text \<open>On a disc free of roots of \<open>f\<close>, each linear factor \<open>x - a\<close> of \<open>f\<close> contributes
  \<open>v (b - a)\<close>, which is smaller than the radius.\<close>

lemma omega_center_root_free:
  assumes "\<forall>r\<in>cball_v v b \<gamma>. poly f r \<noteq> 0"
  shows "omega_center v b \<gamma> f = v (poly f b)"
proof -
  have "f \<noteq> 0" using assms center_mem_cball_v by fastforce
  then show ?thesis using assms
  proof (induction f rule: alg_closed_poly_induct)
    case (linear_factor a R)
    have "a \<notin> cball_v v b \<gamma>" using linear_factor.prems by force
    then have a: "a \<noteq> b" "v (b - a) < \<gamma>" by (auto simp: cball_v_def val_minus_commute)
    have R: "\<forall>r\<in>cball_v v b \<gamma>. poly R r \<noteq> 0" using linear_factor.prems by simp
    have "omega_center v b \<gamma> ([:-a, 1:] * R) = v (b - a) + v (poly R b)"
      using omega_center_linear_factor[OF linear_factor.hyps(1), of b \<gamma> a] linear_factor.IH[OF R] a
      by simp
    moreover have "poly ([:-a, 1:] * R) b = (b - a) * poly R b" by (simp add: algebra_simps)
    ultimately show ?case using a(1) R by (simp add: val_mult)
  qed simp
qed

lemma principal_unit_poly_ratio:
  assumes "\<forall>r\<in>cball_v v b \<gamma>. poly f r \<noteq> 0" "e \<in> cball_v v b \<gamma>"
  shows "principal_unit (poly f e / poly f b)"
proof -
  have "f \<noteq> 0" using assms center_mem_cball_v by fastforce
  then show ?thesis using assms(1)
  proof (induction f rule: alg_closed_poly_induct)
    case (linear_factor a R)
    have "a \<notin> cball_v v b \<gamma>" using linear_factor.prems by force
    then have a: "b - a \<noteq> 0" "v (b - a) < \<gamma>" by (auto simp: cball_v_def val_minus_commute)
    have "val_gt ((e - b) / (b - a)) 0"
      using assms(2) a by (auto simp: mem_cball_v_iff val_ge_def val_gt_def val_divide)
    moreover have "(e - b) / (b - a) = (e - a) / (b - a) - 1" using a by (simp add: field_simps)
    ultimately have "principal_unit ((e - a) / (b - a))" by (simp add: principal_unit_def)
    moreover have "principal_unit (poly R e / poly R b)" using linear_factor by force
    moreover have "poly ([:-a, 1:] * R) e / poly ([:-a, 1:] * R) b
        = (e - a) / (b - a) * (poly R e / poly R b)"
      by (simp add: algebra_simps)
    ultimately show ?case by (simp only: principal_unit_mult)
  qed simp
qed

────

* **What is expected**
Output the line bearing "- a) * (poly" along with all the lines after it through the end of the entries, exactly, and no other lines.

* **Answer space**
        = (e - a) / (b - a) * (poly R e / poly R b)"
      by (simp add: algebra_simps)
    ultimately show ?case by (simp only: principal_unit_mult)
  qed simp
qed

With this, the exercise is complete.